Tuberous Sclerosis (Autosomal dominant, chrom 9)

• Prominent features: seizures (95%), MR (60%), intracranial calcification (50%); autism, tumors of various organs, cutaneous lesions
• Autosomal dominent with variable penetrance; chrom 9 and 16
  • Chrom 9: TSC-1 gene codes for hamartin
  • Chrom 16: TSC-2 gene codes for tuberin
• No cafe-au-lait spots
• The diagnosis is based on meeting criteria falling into major and/or minor criteria:

DIAGNOSIS:

• Definite= either 2 major, or 1 major and 2 minors
• Probable= 1 major and 1 minor
• Possible= 1 major
• Possible=  2 or more minors

Major:

1. Facial angiofibromas (adeoma sebaceum) appear in childhood.
2. Nail: Nontraumatic ungual or periungual fibroma
3. Ash leaf spots (>3): white, hypopigmented macules (thumb or leaf shaped), may be >100, anywhere, often on trunk/buttocks.

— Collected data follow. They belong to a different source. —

(* Let $\alpha:X\to\mathbb PLX$ be a measurable map (a continuous probabilistic transition system). Let $\tilde\alpha^\#=\langle\tilde\alpha^\#_1,\tilde\alpha^\#_*,a\mapsto\tau_a\rangle:\mathbb DX\to F\mathbb DX$ be given by $$\tilde\alpha^\#_1(m)=\int_X\alpha(-)(LX)\,dm,\quad \tilde\alpha^\#_*(m)=\int_X\alpha(-)(1)\,dm,\quad \tau_a(m)(S)=\int_X\alpha(-)(\{a\}\times S)\,dm\ (S\in\Sigma_X).$$ Then $\tilde\alpha^\#$ satisfies $\tilde\alpha^\#_1(m)=\tilde\alpha^\#_*(m)+\sum_{a\in A}\tilde\alpha^\#_1(\tau_a(m))$ for all $m\in\mathbb DX$, so there is a unique $F$-coalgebra morphism $[\![-]\!]:\mathbb DX\to\mathbb DA^\infty$ from $\tilde\alpha^\#$ to $\Pi$. Writing $\langle\!\langle x\rangle\!\rangle=[\![\eta_X(x)]\!]$ for $x\in X$, we have for all $m\in\mathbb DX$ and all $S\in S_\infty$: $$[\![m]\!](S)=\int_X\langle\!\langle -\rangle\!\rangle(S)\,dm.$$
   Context: Work in $\mathbf{Meas}$. $\mathbb I=[0,1]$; $A$ finite alphabet (discrete $\sigma$-algebra); $1=\{*\}$. $LX=A\times X+1$ with $\sigma$-algebra $(\mathcal P(A)\otimes\Sigma_X)\oplus\mathcal P(1)$. For a measurable space $X$, $\mathbb DX$ is the set of sub-probability measures on $X$ and $\mathbb PX\subseteq\mathbb DX$ the probability measures, both with the $\sigma$-algebra generated by $m\mapsto m(S)$; $\eta_X(x)$ is the Dirac measure at $x$. $A^\infty=A^*\cup A^\omega$ with $\sigma$-algebra generated by $S_\infty=\{\emptyset\}\cup\{\{w\}\mid w\in A^*\}\cup\{wA^\infty\mid w\in A^*\}$ ($\varepsilon$ the empty word, $wS=\{wv\mid v\in S\}$). $F$ is the functor $FX=\mathbb I\times\mathbb I\times X^A$, $Ff=\mathrm{id}\times\mathrm{id}\times f^A$. $\Pi:\mathbb DA^\infty\to F\mathbb DA^\infty$ is $\Pi(m)=\langle m(A^\infty),m(\{\varepsilon\}),a\mapsto m_a\rangle$ with $m_a(S)=m(aS)$. An $F$-coalgebra morphism from $(Y,\beta)$ to $(\mathbb DA^\infty,\Pi)$ is a measurable $h$ with $\Pi\circ h=Fh\circ\beta$. *)

theory Defs
  imports "HOL-Probability.Probability"
begin

text \<open>A word in A^\<infinity> is represented as an option-sequence that, once None, stays None.
  Finite words of length n are exactly those with w n = None, w k = Some _ for k < n.\<close>

type_synonym 'a inf_word = "nat \<Rightarrow> 'a option"

definition Ainf :: "'a inf_word set" where
  "Ainf = {w. \<forall>n. w n = None \<longrightarrow> w (Suc n) = None}"

definition fin_word :: "'a list \<Rightarrow> 'a inf_word" where
  "fin_word xs = (\<lambda>n. if n < length xs then Some (xs ! n) else None)"

definition wcat :: "'a list \<Rightarrow> 'a inf_word \<Rightarrow> 'a inf_word" where
  "wcat xs v = (\<lambda>n. if n < length xs then Some (xs ! n) else v (n - length xs))"

definition S_inf :: "'a inf_word set set" where
  "S_inf = {{}} \<union> {{fin_word w} | w. True} \<union> {wcat w ` Ainf | w. True}"

definition Ainf_M :: "'a inf_word measure" where
  "Ainf_M = sigma Ainf S_inf"

section \<open>LX = A \<times> X + 1, with None playing the role of *\<close>

definition L_M :: "'x measure \<Rightarrow> ('a \<times> 'x) option measure" where
  "L_M M = sigma (Some ` (UNIV \<times> space M) \<union> {None})
     {S. S \<subseteq> Some ` (UNIV \<times> space M) \<union> {None} \<and>
         Some -` S \<in> sets (count_space UNIV \<Otimes>\<^sub>M M)}"

section \<open>The functor F X = I \<times> I \<times> X^A (unit interval values taken in ennreal)\<close>

definition F_map :: "('y \<Rightarrow> 'z) \<Rightarrow> ennreal \<times> ennreal \<times> ('a \<Rightarrow> 'y) \<Rightarrow> ennreal \<times> ennreal \<times> ('a \<Rightarrow> 'z)" where
  "F_map h t = (fst t, fst (snd t), h \<circ> snd (snd t))"

definition is_F_morphism ::
  "'y measure \<Rightarrow> ('y \<Rightarrow> ennreal \<times> ennreal \<times> ('a \<Rightarrow> 'y)) \<Rightarrow>
   'z measure \<Rightarrow> ('z \<Rightarrow> ennreal \<times> ennreal \<times> ('a \<Rightarrow> 'z)) \<Rightarrow> ('y \<Rightarrow> 'z) \<Rightarrow> bool" where
  "is_F_morphism Y \<beta> Z \<gamma> h \<longleftrightarrow>
     h \<in> Y \<rightarrow>\<^sub>M Z \<and> (\<forall>y\<in>space Y. \<gamma> (h y) = F_map h (\<beta> y))"

definition word_deriv :: "'a inf_word measure \<Rightarrow> 'a \<Rightarrow> 'a inf_word measure" where
  "word_deriv m a = measure_of Ainf (sets (Ainf_M :: 'a inf_word measure))
     (\<lambda>S. emeasure m (wcat [a] ` S))"

definition Pi_coalg :: "'a inf_word measure \<Rightarrow> ennreal \<times> ennreal \<times> ('a \<Rightarrow> 'a inf_word measure)" where
  "Pi_coalg m = (emeasure m Ainf, emeasure m {fin_word []}, \<lambda>a. word_deriv m a)"

definition alpha1 :: "'x measure \<Rightarrow> ('x \<Rightarrow> ('a \<times> 'x) option measure) \<Rightarrow> 'x measure \<Rightarrow> ennreal" where
  "alpha1 M \<alpha> m = (\<integral>\<^sup>+ x. emeasure (\<alpha> x) (space (L_M M :: ('a \<times> 'x) option measure)) \<partial>m)"

definition alphaStar :: "'x measure \<Rightarrow> ('x \<Rightarrow> ('a \<times> 'x) option measure) \<Rightarrow> 'x measure \<Rightarrow> ennreal" where
  "alphaStar M \<alpha> m = (\<integral>\<^sup>+ x. emeasure (\<alpha> x) {None} \<partial>m)"

definition tau :: "'x measure \<Rightarrow> ('x \<Rightarrow> ('a \<times> 'x) option measure) \<Rightarrow> 'a \<Rightarrow> 'x measure \<Rightarrow> 'x measure" where
  "tau M \<alpha> a m = measure_of (space M) (sets M)
     (\<lambda>S. \<integral>\<^sup>+ x. emeasure (\<alpha> x) (Some ` ({a} \<times> S)) \<partial>m)"

definition alpha_sharp :: "'x measure \<Rightarrow> ('x \<Rightarrow> ('a \<times> 'x) option measure) \<Rightarrow> 'x measure
    \<Rightarrow> ennreal \<times> ennreal \<times> ('a \<Rightarrow> 'x measure)" where
  "alpha_sharp M \<alpha> m = (alpha1 M \<alpha> m, alphaStar M \<alpha> m, \<lambda>a. tau M \<alpha> a m)"

end

theory Submission
  imports Defs
begin

text \<open>Unfolding the morphism equations along a word \<open>w\<close> shows that every morphism \<open>h\<close> gives the
  cylinder \<open>w A\<^sup>\<infinity>\<close> the mass \<open>(\<tau>\<^sub>w m)(X)\<close> and the finite word \<open>w\<close> the mass
  \<open>\<alpha>\<^sub>*(\<tau>\<^sub>w m)\<close>, where \<open>\<tau>\<^sub>w\<close> composes the \<open>\<tau>\<^sub>a\<close> along \<open>w\<close>. Cylinders and
  finite words form an intersection-stable generator, so this forces uniqueness; and since
  \<open>\<tau>\<^sub>w m = m \<bind> (\<tau>\<^sub>w \<circ> \<eta>)\<close> is linear in \<open>m\<close>, the masses of \<open>h m\<close> are the
  \<open>m\<close>-integrals of those of \<open>h (\<eta> x)\<close>. For existence, the decomposition
  \<open>\<alpha>\<^sub>1 = \<alpha>\<^sub>* + \<Sum>\<^sub>a \<alpha>\<^sub>1 \<circ> \<tau>\<^sub>a\<close> applied to \<open>\<tau>\<^sub>w m\<close> says that the prescribed
  masses are additive, and every additive family of masses is realised by pushing Lebesgue measure
  forward along a nested family of intervals.\<close>

lemma emeasure_measure_of_image:
  assumes inj: "inj_on f (space M)"
    and image_in_sets: "\<And>S. S \<in> sets M \<Longrightarrow> f ` S \<in> sets N"
    and \<mu>: "\<And>S. S \<in> sets M \<Longrightarrow> \<mu> S = emeasure N (f ` S)"
    and S: "S \<in> sets M"
  shows "emeasure (measure_of (space M) (sets M) \<mu>) S = \<mu> S"
proof (rule emeasure_measure_of_sigma[OF sets.sigma_algebra_axioms _ _ S])
  show "positive (sets M) \<mu>"
    using \<mu> by (simp add: positive_def)
  show "countably_additive (sets M) \<mu>"
  proof (rule countably_additiveI)
    fix A :: "nat \<Rightarrow> _"
    assume A: "range A \<subseteq> sets M" "disjoint_family A" "(\<Union>i. A i) \<in> sets M"
    have A_sets: "A i \<in> sets M" for i
      using A(1) by auto
    have "f ` A i \<inter> f ` A j = {}" if "i \<noteq> j" for i j
    proof -
      have "f ` A i \<inter> f ` A j = f ` (A i \<inter> A j)"
        using A_sets by (intro inj_on_image_Int[OF inj, symmetric] sets.sets_into_space)
      also have "A i \<inter> A j = {}"
        using A(2) that by (simp add: disjoint_family_on_def)
      finally show ?thesis by simp
    qed
    then have "(\<Sum>i. emeasure N (f ` A i)) = emeasure N (\<Union>i. f ` A i)"
      using A_sets image_in_sets by (intro suminf_emeasure) (auto simp: disjoint_family_on_def)
    then show "(\<Sum>i. \<mu> (A i)) = \<mu> (\<Union>i. A i)"
      using A(3) A_sets by (simp add: \<mu> image_UN)
  qed
qed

Hard to see in light skinned infants. Look closely. Can use a woods/UV lamp. These are usually the first lesions to appear.
4. Shagreen patch (connective tissue nevus), especially in lumbosacral region

'Masses: nodules and -oma's' (7)

• 3 in the brain:
  1. Cortical tuber
  2. Subependymal nodule (benign tumors growing into the ventricles)
  3. Subependymal giant cell astrocytoma
• Multiple retinal nodular hamartomas (retinal phakomas)
• Cardiac rhabdomyoma- single or multiple, benign
• Lymphangiomyomatosis
• Renal angiomyolipoma

Minor:

• Multiple randomly distributed pits in dental enamel
• Hamartomatous rectal polyps
• Bone cysts
• Cerebral white matter migration lines
• Gingival fibromas
• Nonrenal hamartoma
• Multiple renal cysts, can mimic ADPKD
• "confetti"-skin lesions

There are great pictures in Zitelli of each of these diagnostic characteristics (too big a file to add to the e-mail).  There are other neurocutaneous syndromes that you need to consider  when presented with a patient with neurologic symptoms, intracranial lesions, cutaneous abnormalities, mental retardation or developmental delay.

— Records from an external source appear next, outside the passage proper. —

lemma injective_hom_extends:
  assumes j: "j \<in> hom (AutoGroup H\<^sub>G) (AutoGroup G)"
    and j_inner: "\<forall>h \<in> H. j (inner_aut H\<^sub>G h) = inner_aut G h"
    and conj: "\<forall>K. subgroup K G \<and> G\<lparr>carrier := K\<rparr> \<cong> H\<^sub>G \<longrightarrow> (\<exists>\<beta> \<in> auto G. \<beta> ` K = H)"
    and proper: "H \<noteq> carrier G" and \<phi>: "\<phi> \<in> hom H\<^sub>G G" "inj_on \<phi> H"
  shows "\<exists>\<psi> \<in> hom G G. \<forall>h \<in> H. \<psi> h = \<phi> h"
proof -
  interpret A: group "AutoGroup G"
    by (rule AutoGroup)
  interpret \<phi>: group_hom H\<^sub>G G \<phi>
    using group_H \<phi>(1) by (simp add: group_hom_def group_hom_axioms_def is_group)
  have "subgroup (\<phi> ` H) G"
    using \<phi>.subgroup_img_is_subgroup[OF group.subgroup_self[OF group_H]] by simp
  moreover have "\<phi> \<in> iso H\<^sub>G (G\<lparr>carrier := \<phi> ` H\<rparr>)"
    using \<phi> by (auto simp: iso_def hom_def bij_betw_def)
  then have "G\<lparr>carrier := \<phi> ` H\<rparr> \<cong> H\<^sub>G"
    using group.iso_sym[OF group_H] by (auto simp: is_iso_def)
  ultimately obtain \<beta> where \<beta>: "\<beta> \<in> auto G" "\<beta> ` \<phi> ` H = H"
    using conj by blast
  define \<alpha> where "\<alpha> = (\<lambda>h \<in> H. \<beta> (\<phi> h))"
  have \<alpha>: "\<alpha> \<in> auto H\<^sub>G"
    unfolding \<alpha>_def using conjugated_hom_in_auto_H[OF \<phi> \<beta>] .
  have \<beta>_inv: "inv\<^bsub>AutoGroup G\<^esub> \<beta> \<in> auto G"
    using \<beta>(1) by (simp flip: carrier_AutoGroup)
  have j\<alpha>: "j \<alpha> \<in> auto G"
    using hom_in_carrier[OF j] \<alpha> by (simp add: carrier_AutoGroup)
  define \<psi> where "\<psi> = inv\<^bsub>AutoGroup G\<^esub> \<beta> \<otimes>\<^bsub>AutoGroup G\<^esub> j \<alpha>"
  have "\<psi> \<in> auto G"
    using \<beta>_inv j\<alpha> by (simp add: \<psi>_def flip: carrier_AutoGroup)
  then have "\<psi> \<in> hom G G"
    by (simp add: auto_def)
  moreover have "\<psi> h = \<phi> h" if h: "h \<in> H" for h
  proof -
    have "j \<alpha> h = \<alpha> h"
      by (rule aut_extension_agrees_on_H[OF j j_inner proper \<alpha> h])
    also have "\<dots> = \<beta> (\<phi> h)"
      using h by (simp add: \<alpha>_def)
    finally show ?thesis
      using h H_subset inv_AutoGroup_apply[OF \<beta>(1)] \<phi>.hom_closed[of h]
      by (auto simp: \<psi>_def mult_AutoGroup[OF \<beta>_inv j\<alpha>])
  qed
  ultimately show ?thesis
    by blast
qed

lemma hom_extendable_if_conditions:
  assumes aut_ext: "\<exists>j \<in> hom (AutoGroup H\<^sub>G) (AutoGroup G).
      inj_on j (auto H\<^sub>G) \<and> (\<forall>h \<in> H. j (inner_aut H\<^sub>G h) = inner_aut G h)"
    and conj: "\<forall>K. subgroup K G \<and> G\<lparr>carrier := K\<rparr> \<cong> H\<^sub>G \<longrightarrow> (\<exists>\<beta> \<in> auto G. \<beta> ` K = H)"
  shows "hom_extendable G H"
  unfolding hom_extendable_def
proof
  fix \<phi> assume \<phi>: "\<phi> \<in> hom H\<^sub>G G"
  show "\<exists>\<psi> \<in> hom G G. \<forall>h \<in> H. \<psi> h = \<phi> h"
  proof (cases "H = carrier G")
    case True
    then have "\<phi> \<in> hom G G"
      using \<phi> by (simp add: hom_def)
    then show ?thesis
      by blast
  next
    case proper: False
    consider "\<forall>h \<in> H. \<phi> h = \<one>" | "inj_on \<phi> H"
      using simple_grp_hom_trivial_or_inj[OF H_simple is_group \<phi>] by auto
    then show ?thesis
    proof cases
      case 1
      have "(\<lambda>_. \<one>) \<in> hom G G"
        by (rule homI) simp_all
      then show ?thesis
        using 1 by auto
    next
      case 2
      then show ?thesis
        using injective_hom_extends aut_ext conj proper \<phi> by blast
    qed
  qed
qed

end

theorem theorem2p3:
  fixes G :: "('a, 'b) monoid_scheme" and H :: "'a set"
  assumes "subgroup H G"
    and "simple_grp (G\<lparr>carrier := H\<rparr>)"
    and "simple_grp G"
    and "co_hopfian G"
  shows "localization_incl G H \<longleftrightarrow>
    (\<exists>j \<in> hom (AutoGroup (G\<lparr>carrier := H\<rparr>)) (AutoGroup G).
        inj_on j (auto (G\<lparr>carrier := H\<rparr>)) \<and>
        (\<forall>h \<in> H. j (inner_aut (G\<lparr>carrier := H\<rparr>) h) = inner_aut G h)) \<and>
    (\<forall>K. subgroup K G \<and> G\<lparr>carrier := K\<rparr> \<cong> G\<lparr>carrier := H\<rparr> \<longrightarrow>
        (\<exists>\<beta> \<in> auto G. \<beta> ` K = H)) \<and>
    (\<forall>\<alpha> \<in> auto G. (\<forall>h \<in> H. \<alpha> h = h) \<longrightarrow> \<alpha> = (\<lambda>x \<in> carrier G. x))"
    (is "_ \<longleftrightarrow> ?aut_ext \<and> ?conj \<and> ?centralizer")
proof -
  interpret simple_cohopfian_subgroup G H
    using assms by (simp add: simple_cohopfian_subgroup_def simple_cohopfian_subgroup_axioms_def
        simple_grp_def)
  have "hom_extendable G H \<and> endo_determined_on G H \<longleftrightarrow> ?aut_ext \<and> ?conj \<and> ?centralizer"
  proof
    assume "hom_extendable G H \<and> endo_determined_on G H"
    then show "?aut_ext \<and> ?conj \<and> ?centralizer"
      using aut_extension_if_hom_extendable conjugate_to_H_if_hom_extendable
        auto_fixing_eq_id_if_endo_determined_on[OF _ H_subset] by blast
  next
    assume "?aut_ext \<and> ?conj \<and> ?centralizer"
    then show "hom_extendable G H \<and> endo_determined_on G H"
      using hom_extendable_if_conditions endo_determined_on_if_centralizer_trivial by blast
  qed
  then show ?thesis
    using localization_incl_iff[OF H_subset] by simp
qed

end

CHLA Chief Resident Pearl Jan 2005
CHLA Board Review 2005

Sturge-Weber Syndrome, Port Wine Stain, Kasabach-Merritt, Klippel-Trenaunay-Weber, type-1 (NF-1), tuberous sclerosis)

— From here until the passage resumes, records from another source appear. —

(* Under the Standing setup, for any invocation $\textsc{MSSP}(I,H_I)$ occurring during the execution of $\textsc{MSSP}([0,k-1],G)$, any $i\in I$ and any vertex $u\in V(H_I)\setminus V_\infty$, there exists a path from $r_i$ to $u$ in $H_I[(V(H_I)\setminus V_\infty)\cup\{r_i\}]$.
   Context: Standing setup. $G=(V,E)$ is a planar embedded directed graph (embedding given by a rotation system, i.e. the clockwise order of edges around each vertex) with non-negative edge weights (weight $\infty$ allowed), in which shortest paths are unique. The infinite face $f_\infty$ is a simple directed cycle all of whose edges have weight $\infty$; $V_\infty=\{r_0,\dots,r_{k-1}\}$ is its vertex set in clockwise order. It is assumed that no shortest path contains an edge entering a vertex of $V_\infty$, and that for every $r_i$ and every $u\in V\setminus V_\infty$ there is a path from $r_i$ to $u$ meeting $V_\infty$ only in $r_i$. For a graph $H$, $d_H(x,y)$ is the shortest-path distance and $P_H[x,y]$ the shortest path; for a rooted tree $T$ and vertex $v$ other than the root, $\pi_T(v)$ is the parent of $v$ in $T$. Contracting an edge set $E'$ (written $H/E'$) merges each connected component of $E'$ into one vertex (identified with a designated vertex of the component), deletes self-loops, and keeps only the cheapest edge among parallel edges; the rotation system is inherited. Procedure $\textsc{MSSP}(I=[i_1,i_2],H_I)$ (initial call $\textsc{MSSP}([0,k-1],G)$; the initial call is at recursion level $0$ and calls it makes are at level $h+1$ if it is at level $h$): let $i=\lfloor (i_1+i_2)/2\rfloor$. For each $m\in\{i_1,i,i_2\}$ compute and store the shortest-path tree $T_{I,m}$ from $r_m$ in $H_I[(V(H_I)\setminus V_\infty)\cup\{r_m\}]$ (more generally, $T_{I,m}$ denotes this tree for any $m\in I$). If $i_2-i_1\le1$, stop. Otherwise, for each $J=[j_1,j_2]\in\{[i_1,i],[i,i_2]\}$: start with $H_J:=H_I$; let $E_{shared}=E(T_{I,j_1})\cap E(T_{I,j_2})$ (a forest). For each vertex $s$ with $\pi_{T_{I,j_1}}(s)\ne\pi_{T_{I,j_2}}(s)$, let $T(s)$ be the tree rooted at $s$ consisting of every edge $(s,v)\in E_{shared}$ such that $(s,v),(s,\pi_{T_{I,j_1}}(s)),(s,\pi_{T_{I,j_2}}(s))$ are in clockwise order around $s$, together with all edges of $E_{shared}$ descending from such $v$; let $\mathcal T_J$ be the collection of these (vertex-disjoint, maximal) trees. For each $T(s)\in\mathcal T_J$: for every $u\in T(s)$ record $s_J(u):=s$ and $\delta_J(u):=d_{T(s)}(s,u)$; for every edge $(u,v)$ of $H_J$ with exactly one endpoint in $T(s)$, if $u\in T(s)$ increase its weight by $\delta_J(u)$, and if $v\in T(s)\setminus\{s\}$ set its weight to $\infty$; then contract $T(s)$ to a single vertex identified with $s$. For vertices $u$ of $H_I$ in no tree of $\mathcal T_J$, set $s_J(u):=u$, $\delta_J(u):=0$. Then call $\textsc{MSSP}(J,H_J)$. *)

theory Defs
  imports Main "HOL-Library.Extended_Nonnegative_Real"
begin

text \<open>The rotation system is a permutation of darts; the dart
(e, True) is the end of e at its tail, (e, False) the end at its head. grot gives the
clockwise successor of a dart around its vertex.\<close>

record ('v, 'e) emb_graph =
  gV   :: "'v set"
  gE   :: "'e set"
  gtl  :: "'e \<Rightarrow> 'v"
  ghd  :: "'e \<Rightarrow> 'v"
  gw   :: "'e \<Rightarrow> ennreal"
  grot :: "'e \<times> bool \<Rightarrow> 'e \<times> bool"

fun walk :: "('e \<Rightarrow> 'v) \<Rightarrow> ('e \<Rightarrow> 'v) \<Rightarrow> 'e set \<Rightarrow> 'v set \<Rightarrow> 'v \<Rightarrow> 'e list \<Rightarrow> 'v \<Rightarrow> bool" where
  "walk ft fh A S x [] y \<longleftrightarrow> x = y \<and> x \<in> S"
| "walk ft fh A S x (e # es) y \<longleftrightarrow> e \<in> A \<and> ft e = x \<and> x \<in> S \<and> walk ft fh A S (fh e) es y"

definition spath :: "('e \<Rightarrow> 'v) \<Rightarrow> ('e \<Rightarrow> 'v) \<Rightarrow> 'e set \<Rightarrow> 'v set \<Rightarrow> 'v \<Rightarrow> 'e list \<Rightarrow> 'v \<Rightarrow> bool" where
  "spath ft fh A S x es y \<longleftrightarrow> walk ft fh A S x es y \<and> distinct (x # map fh es)"

definition path_w :: "('e \<Rightarrow> ennreal) \<Rightarrow> 'e list \<Rightarrow> ennreal" where
  "path_w w es = sum_list (map w es)"

definition dist_on :: "('e \<Rightarrow> 'v) \<Rightarrow> ('e \<Rightarrow> 'v) \<Rightarrow> ('e \<Rightarrow> ennreal) \<Rightarrow> 'e set \<Rightarrow> 'v set \<Rightarrow> 'v \<Rightarrow> 'v \<Rightarrow> ennreal" where
  "dist_on ft fh w A S x y = (INF es \<in> {es. spath ft fh A S x es y}. path_w w es)"

definition gpath :: "('v,'e) emb_graph \<Rightarrow> 'v set \<Rightarrow> 'v \<Rightarrow> 'e list \<Rightarrow> 'v \<Rightarrow> bool" where
  "gpath H S x es y = spath (gtl H) (ghd H) (gE H) S x es y"

definition gdist :: "('v,'e) emb_graph \<Rightarrow> 'v set \<Rightarrow> 'v \<Rightarrow> 'v \<Rightarrow> ennreal" where
  "gdist H S x y = dist_on (gtl H) (ghd H) (gw H) (gE H) S x y"

definition darts :: "('v,'e) emb_graph \<Rightarrow> ('e \<times> bool) set" where
  "darts H = gE H \<times> (UNIV :: bool set)"

definition dvert :: "('v,'e) emb_graph \<Rightarrow> 'e \<times> bool \<Rightarrow> 'v" where
  "dvert H d = (if snd d then gtl H (fst d) else ghd H (fst d))"

definition alpha :: "'e \<times> bool \<Rightarrow> 'e \<times> bool" where
  "alpha d = (fst d, \<not> snd d)"

definition rotation_system :: "('v,'e) emb_graph \<Rightarrow> bool" where
  "rotation_system H \<longleftrightarrow>
     bij_betw (grot H) (darts H) (darts H) \<and>
     (\<forall>d\<in>darts H. dvert H (grot H d) = dvert H d) \<and>
     (\<forall>d\<in>darts H. \<forall>d'\<in>darts H. dvert H d = dvert H d' \<longrightarrow> (\<exists>n. (grot H ^^ n) d = d'))"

1. Germline loss-of-function mutations in SPRED1 cause a neurofibromatosis 1-like phenotype. Brems H; Chmara M; Sahbatou M; Denayer E; Taniguchi K; Kato R; Somers R; Messiaen L; De Schepper S; Fryns JP; Cools J; Marynen P; Thomas G; Yoshimura A; Legius E.  Nat Genet. 2007 Sep;39(9):1120-6. Epub 2007 Aug 19. Abstract: We report germline loss-of-function mutations in SPRED1 in a newly identified autosomal dominant human disorder. SPRED1 is a member of the SPROUTY/SPRED family of proteins that act as negative regulators of RAS->RAF interaction and mitogen-activated protein kinase (MAPK) signaling. The clinical features of the reported disorder resemble those of neurofibromatosis type 1 and consist of multiple cafe-au-lait spots, axillary freckling and macrocephaly. Melanocytes from a cafe-au-lait spot showed, in addition to the germline SPRED1 mutation, an acquired somatic mutation in the wild-type SPRED1 allele, indicating that complete SPRED1 inactivation is needed to generate a cafe-au-lait spot in this syndrome. This disorder is yet another member of the recently characterized group of phenotypically overlapping syndromes caused by mutations in the genes encoding key components of the RAS-MAPK pathway. To our knowledge, this is the first report of mutations in the SPRY (SPROUTY)/SPRED family of genes in human disease.